• THE DATA:
'''

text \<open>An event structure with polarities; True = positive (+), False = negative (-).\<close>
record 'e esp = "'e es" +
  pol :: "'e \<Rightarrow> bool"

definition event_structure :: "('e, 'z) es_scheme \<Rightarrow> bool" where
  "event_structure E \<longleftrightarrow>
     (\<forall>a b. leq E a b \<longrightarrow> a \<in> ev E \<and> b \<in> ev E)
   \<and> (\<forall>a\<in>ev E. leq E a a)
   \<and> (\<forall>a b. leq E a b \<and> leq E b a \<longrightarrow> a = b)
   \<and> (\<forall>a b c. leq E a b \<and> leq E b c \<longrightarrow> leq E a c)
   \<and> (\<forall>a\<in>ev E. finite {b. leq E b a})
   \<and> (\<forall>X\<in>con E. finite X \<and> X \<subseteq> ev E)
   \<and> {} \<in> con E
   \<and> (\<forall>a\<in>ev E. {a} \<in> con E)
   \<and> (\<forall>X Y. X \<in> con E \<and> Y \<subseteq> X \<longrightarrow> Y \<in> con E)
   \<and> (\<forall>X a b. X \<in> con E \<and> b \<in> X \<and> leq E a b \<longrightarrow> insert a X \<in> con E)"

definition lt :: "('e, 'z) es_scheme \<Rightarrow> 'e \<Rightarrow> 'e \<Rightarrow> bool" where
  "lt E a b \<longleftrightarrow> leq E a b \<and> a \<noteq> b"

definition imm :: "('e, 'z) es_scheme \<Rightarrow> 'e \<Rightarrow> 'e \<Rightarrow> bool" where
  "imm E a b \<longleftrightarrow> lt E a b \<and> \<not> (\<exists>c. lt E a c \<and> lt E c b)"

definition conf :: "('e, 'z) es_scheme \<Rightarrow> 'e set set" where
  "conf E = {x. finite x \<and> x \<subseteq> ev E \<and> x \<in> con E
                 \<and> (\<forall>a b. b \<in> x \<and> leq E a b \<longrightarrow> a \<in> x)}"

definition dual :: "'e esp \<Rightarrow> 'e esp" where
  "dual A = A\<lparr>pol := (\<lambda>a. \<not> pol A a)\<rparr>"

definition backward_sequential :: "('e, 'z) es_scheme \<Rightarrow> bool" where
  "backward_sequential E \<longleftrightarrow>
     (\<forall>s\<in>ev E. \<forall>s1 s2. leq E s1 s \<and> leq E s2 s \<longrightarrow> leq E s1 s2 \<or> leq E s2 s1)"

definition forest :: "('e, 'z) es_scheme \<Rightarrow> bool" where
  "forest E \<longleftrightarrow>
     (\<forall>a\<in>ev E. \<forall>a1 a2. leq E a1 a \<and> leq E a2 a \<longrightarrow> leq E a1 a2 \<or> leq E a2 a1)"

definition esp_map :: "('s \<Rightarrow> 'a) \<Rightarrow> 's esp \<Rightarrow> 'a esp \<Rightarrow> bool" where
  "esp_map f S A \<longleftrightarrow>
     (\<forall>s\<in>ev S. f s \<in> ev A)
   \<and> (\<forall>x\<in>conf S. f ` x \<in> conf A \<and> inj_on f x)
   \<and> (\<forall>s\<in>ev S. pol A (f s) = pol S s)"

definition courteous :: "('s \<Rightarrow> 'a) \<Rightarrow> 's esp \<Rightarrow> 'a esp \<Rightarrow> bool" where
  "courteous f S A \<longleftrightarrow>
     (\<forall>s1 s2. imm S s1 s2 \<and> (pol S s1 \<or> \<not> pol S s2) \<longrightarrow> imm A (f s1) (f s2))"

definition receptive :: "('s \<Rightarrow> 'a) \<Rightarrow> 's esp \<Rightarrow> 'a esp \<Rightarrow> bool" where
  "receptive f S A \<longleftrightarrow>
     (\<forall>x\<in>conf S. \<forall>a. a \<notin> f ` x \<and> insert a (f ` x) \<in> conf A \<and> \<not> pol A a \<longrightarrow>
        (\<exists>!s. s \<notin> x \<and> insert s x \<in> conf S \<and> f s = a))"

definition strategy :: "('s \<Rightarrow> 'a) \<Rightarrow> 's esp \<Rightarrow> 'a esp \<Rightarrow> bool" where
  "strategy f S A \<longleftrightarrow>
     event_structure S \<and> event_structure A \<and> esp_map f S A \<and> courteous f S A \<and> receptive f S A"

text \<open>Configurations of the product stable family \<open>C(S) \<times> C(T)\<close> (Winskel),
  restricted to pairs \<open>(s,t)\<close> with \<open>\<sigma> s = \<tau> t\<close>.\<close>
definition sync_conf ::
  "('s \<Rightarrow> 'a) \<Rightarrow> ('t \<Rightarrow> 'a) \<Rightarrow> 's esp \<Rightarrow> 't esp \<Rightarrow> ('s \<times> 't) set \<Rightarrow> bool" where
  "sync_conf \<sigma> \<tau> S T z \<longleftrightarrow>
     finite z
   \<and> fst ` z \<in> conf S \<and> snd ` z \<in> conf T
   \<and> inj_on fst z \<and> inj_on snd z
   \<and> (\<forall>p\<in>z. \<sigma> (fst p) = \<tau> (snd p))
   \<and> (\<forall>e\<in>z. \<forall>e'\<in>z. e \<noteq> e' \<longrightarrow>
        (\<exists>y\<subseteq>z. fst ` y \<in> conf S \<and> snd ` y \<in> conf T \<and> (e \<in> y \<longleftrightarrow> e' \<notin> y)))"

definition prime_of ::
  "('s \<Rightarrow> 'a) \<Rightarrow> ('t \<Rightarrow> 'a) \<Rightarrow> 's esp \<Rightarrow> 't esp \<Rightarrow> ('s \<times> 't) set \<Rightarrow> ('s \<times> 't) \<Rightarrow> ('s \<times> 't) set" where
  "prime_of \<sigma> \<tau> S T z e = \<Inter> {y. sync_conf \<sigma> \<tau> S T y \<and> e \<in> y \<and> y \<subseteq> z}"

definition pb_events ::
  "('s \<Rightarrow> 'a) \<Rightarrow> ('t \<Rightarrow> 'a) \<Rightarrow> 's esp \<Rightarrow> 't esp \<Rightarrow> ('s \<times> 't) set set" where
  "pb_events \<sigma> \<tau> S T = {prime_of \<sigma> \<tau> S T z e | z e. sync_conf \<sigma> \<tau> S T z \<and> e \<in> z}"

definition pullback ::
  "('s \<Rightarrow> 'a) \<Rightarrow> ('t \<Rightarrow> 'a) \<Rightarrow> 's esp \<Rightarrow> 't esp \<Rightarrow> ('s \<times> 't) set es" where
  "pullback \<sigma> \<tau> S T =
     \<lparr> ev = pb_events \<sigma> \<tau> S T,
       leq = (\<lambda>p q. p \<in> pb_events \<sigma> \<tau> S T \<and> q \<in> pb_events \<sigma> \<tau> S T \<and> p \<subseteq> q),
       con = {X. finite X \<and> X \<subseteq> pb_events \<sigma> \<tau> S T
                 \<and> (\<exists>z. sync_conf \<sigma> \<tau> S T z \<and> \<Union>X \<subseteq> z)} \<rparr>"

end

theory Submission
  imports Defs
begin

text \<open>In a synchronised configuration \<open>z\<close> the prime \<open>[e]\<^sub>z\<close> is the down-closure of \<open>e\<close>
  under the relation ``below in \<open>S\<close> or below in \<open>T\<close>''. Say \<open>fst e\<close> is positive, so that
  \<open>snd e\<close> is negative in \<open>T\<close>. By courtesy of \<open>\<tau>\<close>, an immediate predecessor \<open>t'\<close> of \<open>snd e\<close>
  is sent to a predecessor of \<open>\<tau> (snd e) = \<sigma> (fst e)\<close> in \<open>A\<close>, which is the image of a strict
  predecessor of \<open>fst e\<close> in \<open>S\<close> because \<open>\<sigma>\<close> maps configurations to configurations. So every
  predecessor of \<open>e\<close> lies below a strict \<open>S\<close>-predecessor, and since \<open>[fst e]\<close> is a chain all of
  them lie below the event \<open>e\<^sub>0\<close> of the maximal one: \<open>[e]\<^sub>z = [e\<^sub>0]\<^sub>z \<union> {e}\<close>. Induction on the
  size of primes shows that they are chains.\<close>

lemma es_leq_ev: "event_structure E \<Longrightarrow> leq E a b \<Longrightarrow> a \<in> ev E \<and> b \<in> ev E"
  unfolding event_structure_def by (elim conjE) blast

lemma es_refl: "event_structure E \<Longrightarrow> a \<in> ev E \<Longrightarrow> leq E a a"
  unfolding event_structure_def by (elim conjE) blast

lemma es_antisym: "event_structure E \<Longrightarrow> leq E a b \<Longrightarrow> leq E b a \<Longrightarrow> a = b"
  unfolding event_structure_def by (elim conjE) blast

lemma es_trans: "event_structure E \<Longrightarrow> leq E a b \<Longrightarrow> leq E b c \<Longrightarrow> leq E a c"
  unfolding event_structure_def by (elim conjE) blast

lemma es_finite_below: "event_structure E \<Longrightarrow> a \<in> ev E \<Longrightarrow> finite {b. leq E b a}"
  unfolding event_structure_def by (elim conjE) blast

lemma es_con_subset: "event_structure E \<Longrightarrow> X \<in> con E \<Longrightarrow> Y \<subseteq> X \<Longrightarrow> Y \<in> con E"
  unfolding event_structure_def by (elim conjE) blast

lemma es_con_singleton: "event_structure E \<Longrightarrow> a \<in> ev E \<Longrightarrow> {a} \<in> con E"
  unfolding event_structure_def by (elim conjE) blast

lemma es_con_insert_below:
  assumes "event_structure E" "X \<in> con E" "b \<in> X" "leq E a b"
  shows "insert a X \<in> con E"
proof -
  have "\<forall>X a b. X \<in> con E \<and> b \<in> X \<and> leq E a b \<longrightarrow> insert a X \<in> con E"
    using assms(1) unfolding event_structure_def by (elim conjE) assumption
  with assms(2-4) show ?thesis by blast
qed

'''
'''

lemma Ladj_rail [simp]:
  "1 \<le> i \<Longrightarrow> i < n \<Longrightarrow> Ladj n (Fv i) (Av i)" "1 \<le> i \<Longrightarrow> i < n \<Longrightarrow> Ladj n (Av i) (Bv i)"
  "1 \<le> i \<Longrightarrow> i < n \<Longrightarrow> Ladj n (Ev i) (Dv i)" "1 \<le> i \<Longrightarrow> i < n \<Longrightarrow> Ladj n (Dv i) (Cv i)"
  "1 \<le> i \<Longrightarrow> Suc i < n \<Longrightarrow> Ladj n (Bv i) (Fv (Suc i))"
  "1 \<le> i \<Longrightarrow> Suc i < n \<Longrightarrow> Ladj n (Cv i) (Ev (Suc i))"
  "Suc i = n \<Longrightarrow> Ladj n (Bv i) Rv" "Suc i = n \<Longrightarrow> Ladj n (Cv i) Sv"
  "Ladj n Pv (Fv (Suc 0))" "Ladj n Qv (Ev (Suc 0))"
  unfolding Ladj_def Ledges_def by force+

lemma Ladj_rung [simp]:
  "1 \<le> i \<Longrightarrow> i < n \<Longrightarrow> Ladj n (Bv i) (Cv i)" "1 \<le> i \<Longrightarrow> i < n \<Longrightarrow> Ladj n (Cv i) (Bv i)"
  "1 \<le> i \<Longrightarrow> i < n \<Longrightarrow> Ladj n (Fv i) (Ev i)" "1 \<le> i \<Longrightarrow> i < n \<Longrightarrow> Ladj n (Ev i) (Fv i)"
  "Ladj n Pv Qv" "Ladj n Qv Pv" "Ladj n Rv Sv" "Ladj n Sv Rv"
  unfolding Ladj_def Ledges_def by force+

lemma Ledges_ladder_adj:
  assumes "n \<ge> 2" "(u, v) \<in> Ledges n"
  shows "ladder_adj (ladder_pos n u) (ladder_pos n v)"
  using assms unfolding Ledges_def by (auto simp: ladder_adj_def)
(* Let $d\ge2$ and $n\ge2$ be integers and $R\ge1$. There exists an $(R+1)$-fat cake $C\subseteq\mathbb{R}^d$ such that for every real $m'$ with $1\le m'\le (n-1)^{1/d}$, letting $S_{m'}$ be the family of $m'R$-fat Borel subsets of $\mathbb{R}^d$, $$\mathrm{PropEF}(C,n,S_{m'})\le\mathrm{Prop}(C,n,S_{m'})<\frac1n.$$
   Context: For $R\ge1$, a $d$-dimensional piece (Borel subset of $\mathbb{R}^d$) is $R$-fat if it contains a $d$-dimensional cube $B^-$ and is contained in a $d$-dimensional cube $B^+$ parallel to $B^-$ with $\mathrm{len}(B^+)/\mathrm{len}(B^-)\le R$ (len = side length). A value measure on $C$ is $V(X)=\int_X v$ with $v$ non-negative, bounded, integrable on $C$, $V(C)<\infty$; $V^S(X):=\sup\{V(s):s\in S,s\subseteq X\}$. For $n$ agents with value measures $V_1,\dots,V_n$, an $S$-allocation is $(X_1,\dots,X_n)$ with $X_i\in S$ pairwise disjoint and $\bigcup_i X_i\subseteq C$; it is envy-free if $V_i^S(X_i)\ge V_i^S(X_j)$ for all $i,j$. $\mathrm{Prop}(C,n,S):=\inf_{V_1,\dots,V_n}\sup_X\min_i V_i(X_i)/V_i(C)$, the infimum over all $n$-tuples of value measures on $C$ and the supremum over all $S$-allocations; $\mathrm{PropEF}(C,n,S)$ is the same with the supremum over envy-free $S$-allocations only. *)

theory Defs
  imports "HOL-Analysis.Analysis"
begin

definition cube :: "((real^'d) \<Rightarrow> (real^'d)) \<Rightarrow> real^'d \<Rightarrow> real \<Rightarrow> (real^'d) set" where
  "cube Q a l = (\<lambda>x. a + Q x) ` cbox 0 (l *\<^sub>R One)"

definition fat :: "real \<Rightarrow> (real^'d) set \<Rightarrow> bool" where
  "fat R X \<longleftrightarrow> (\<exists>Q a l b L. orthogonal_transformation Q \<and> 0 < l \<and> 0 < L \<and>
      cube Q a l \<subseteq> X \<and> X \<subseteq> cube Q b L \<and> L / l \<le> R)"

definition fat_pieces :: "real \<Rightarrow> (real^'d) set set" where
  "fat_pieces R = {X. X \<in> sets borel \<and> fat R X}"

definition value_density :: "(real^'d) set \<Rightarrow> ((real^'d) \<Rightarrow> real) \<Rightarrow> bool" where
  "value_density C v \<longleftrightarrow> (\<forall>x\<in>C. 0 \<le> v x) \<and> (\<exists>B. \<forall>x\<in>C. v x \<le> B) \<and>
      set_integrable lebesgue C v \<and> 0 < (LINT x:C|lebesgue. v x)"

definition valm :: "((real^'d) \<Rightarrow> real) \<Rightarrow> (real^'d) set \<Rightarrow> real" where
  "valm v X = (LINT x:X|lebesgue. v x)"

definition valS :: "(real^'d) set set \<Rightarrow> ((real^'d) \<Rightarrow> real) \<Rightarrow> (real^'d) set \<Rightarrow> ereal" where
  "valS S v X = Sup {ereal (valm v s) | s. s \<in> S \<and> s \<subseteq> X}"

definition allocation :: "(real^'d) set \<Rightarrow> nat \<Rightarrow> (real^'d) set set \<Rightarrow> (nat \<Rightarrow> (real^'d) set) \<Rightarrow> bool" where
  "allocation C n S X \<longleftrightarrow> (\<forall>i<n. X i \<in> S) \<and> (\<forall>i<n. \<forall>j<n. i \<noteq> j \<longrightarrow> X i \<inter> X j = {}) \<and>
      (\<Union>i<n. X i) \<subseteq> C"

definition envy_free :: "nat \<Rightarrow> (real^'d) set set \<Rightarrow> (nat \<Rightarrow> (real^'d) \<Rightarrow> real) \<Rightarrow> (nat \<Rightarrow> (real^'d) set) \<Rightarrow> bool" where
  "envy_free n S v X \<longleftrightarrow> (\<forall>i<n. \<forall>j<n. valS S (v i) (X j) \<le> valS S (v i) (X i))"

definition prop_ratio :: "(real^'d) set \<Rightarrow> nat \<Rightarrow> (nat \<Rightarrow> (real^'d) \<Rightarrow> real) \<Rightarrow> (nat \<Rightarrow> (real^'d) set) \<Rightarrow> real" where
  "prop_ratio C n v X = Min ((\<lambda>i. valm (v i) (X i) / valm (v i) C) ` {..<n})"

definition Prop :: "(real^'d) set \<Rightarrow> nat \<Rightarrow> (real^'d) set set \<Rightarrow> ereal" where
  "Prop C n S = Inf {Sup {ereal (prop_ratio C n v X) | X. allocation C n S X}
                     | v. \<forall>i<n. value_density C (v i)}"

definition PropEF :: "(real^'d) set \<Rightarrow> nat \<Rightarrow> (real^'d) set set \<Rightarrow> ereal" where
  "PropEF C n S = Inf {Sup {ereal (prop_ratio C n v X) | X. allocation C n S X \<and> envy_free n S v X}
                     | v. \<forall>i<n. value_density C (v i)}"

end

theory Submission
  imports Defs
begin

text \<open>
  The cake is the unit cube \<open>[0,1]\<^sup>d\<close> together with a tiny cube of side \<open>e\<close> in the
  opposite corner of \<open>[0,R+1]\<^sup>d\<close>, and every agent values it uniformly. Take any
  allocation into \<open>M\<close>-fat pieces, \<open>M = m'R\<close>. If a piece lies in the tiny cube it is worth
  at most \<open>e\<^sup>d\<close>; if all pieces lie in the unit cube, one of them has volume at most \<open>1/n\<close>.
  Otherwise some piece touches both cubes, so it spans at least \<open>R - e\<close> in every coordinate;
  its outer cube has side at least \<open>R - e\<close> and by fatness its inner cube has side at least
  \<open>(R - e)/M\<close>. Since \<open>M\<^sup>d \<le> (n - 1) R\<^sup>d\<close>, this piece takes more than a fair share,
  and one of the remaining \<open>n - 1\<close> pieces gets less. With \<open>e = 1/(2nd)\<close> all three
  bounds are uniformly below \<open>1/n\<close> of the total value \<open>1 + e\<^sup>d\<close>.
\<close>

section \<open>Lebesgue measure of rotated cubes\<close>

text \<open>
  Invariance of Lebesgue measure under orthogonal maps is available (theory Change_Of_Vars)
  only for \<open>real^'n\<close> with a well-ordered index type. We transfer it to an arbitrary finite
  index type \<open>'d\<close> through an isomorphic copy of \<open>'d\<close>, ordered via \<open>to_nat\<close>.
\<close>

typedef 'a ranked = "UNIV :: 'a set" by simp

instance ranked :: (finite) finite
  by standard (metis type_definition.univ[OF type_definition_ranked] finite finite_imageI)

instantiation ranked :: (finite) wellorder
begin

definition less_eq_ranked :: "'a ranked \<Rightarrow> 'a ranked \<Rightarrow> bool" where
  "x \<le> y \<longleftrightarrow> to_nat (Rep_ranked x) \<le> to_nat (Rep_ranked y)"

'''
'''

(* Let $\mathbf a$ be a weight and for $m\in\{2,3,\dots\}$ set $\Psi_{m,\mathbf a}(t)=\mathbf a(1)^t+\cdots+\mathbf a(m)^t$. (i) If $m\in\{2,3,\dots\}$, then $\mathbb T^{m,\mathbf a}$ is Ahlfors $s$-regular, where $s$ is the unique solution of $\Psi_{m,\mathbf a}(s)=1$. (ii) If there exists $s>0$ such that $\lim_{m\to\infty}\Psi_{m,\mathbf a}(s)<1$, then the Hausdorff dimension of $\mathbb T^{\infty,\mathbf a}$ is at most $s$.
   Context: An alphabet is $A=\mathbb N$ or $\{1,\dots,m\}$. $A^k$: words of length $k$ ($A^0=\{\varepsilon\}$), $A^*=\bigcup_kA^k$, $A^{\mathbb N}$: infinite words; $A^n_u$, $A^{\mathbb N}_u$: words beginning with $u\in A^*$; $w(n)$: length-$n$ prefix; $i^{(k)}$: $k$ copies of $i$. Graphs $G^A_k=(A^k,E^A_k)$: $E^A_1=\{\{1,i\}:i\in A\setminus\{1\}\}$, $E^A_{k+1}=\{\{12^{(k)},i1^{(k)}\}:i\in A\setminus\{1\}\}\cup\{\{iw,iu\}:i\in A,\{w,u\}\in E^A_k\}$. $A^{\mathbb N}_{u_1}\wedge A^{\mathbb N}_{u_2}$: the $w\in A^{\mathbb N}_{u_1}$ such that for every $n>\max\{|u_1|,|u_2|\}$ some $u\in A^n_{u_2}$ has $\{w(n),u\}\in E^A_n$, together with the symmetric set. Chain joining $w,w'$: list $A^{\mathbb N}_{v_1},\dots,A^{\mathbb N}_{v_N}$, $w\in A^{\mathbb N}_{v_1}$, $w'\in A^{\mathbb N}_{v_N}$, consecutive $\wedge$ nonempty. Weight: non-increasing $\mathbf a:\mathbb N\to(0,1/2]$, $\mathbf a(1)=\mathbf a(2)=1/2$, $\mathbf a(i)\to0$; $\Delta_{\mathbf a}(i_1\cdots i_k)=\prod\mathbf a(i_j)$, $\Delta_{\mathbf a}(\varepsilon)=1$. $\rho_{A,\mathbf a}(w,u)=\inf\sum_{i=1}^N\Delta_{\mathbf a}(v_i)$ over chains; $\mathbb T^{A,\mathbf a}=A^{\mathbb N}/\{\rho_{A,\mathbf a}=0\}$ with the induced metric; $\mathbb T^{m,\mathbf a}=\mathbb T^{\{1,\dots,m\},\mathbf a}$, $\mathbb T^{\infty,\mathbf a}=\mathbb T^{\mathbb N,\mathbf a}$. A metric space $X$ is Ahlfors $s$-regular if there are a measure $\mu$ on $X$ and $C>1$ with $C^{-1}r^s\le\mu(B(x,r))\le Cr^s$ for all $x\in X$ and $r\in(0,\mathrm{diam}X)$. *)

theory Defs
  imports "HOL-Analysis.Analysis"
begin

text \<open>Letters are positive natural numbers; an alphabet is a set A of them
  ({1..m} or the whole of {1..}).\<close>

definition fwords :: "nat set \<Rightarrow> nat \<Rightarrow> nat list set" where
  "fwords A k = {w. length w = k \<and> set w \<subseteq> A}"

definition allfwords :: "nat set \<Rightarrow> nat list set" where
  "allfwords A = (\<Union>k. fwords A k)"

'''

• WHAT YOU HAVE TO DO:
Please give back, exactly as it stands above, the stretch from the line with "predecessor of \<open>fst" through the line with "them lie below", and no line outside it.

• YOUR SOLUTION:
  predecessor of \<open>fst e\<close> in \<open>S\<close> because \<open>\<sigma>\<close> maps configurations to configurations. So every
  predecessor of \<open>e\<close> lies below a strict \<open>S\<close>-predecessor, and since \<open>[fst e]\<close> is a chain all of
  them lie below the event \<open>e\<^sub>0\<close> of the maximal one: \<open>[e]\<^sub>z = [e\<^sub>0]\<^sub>z \<union> {e}\<close>. Induction on the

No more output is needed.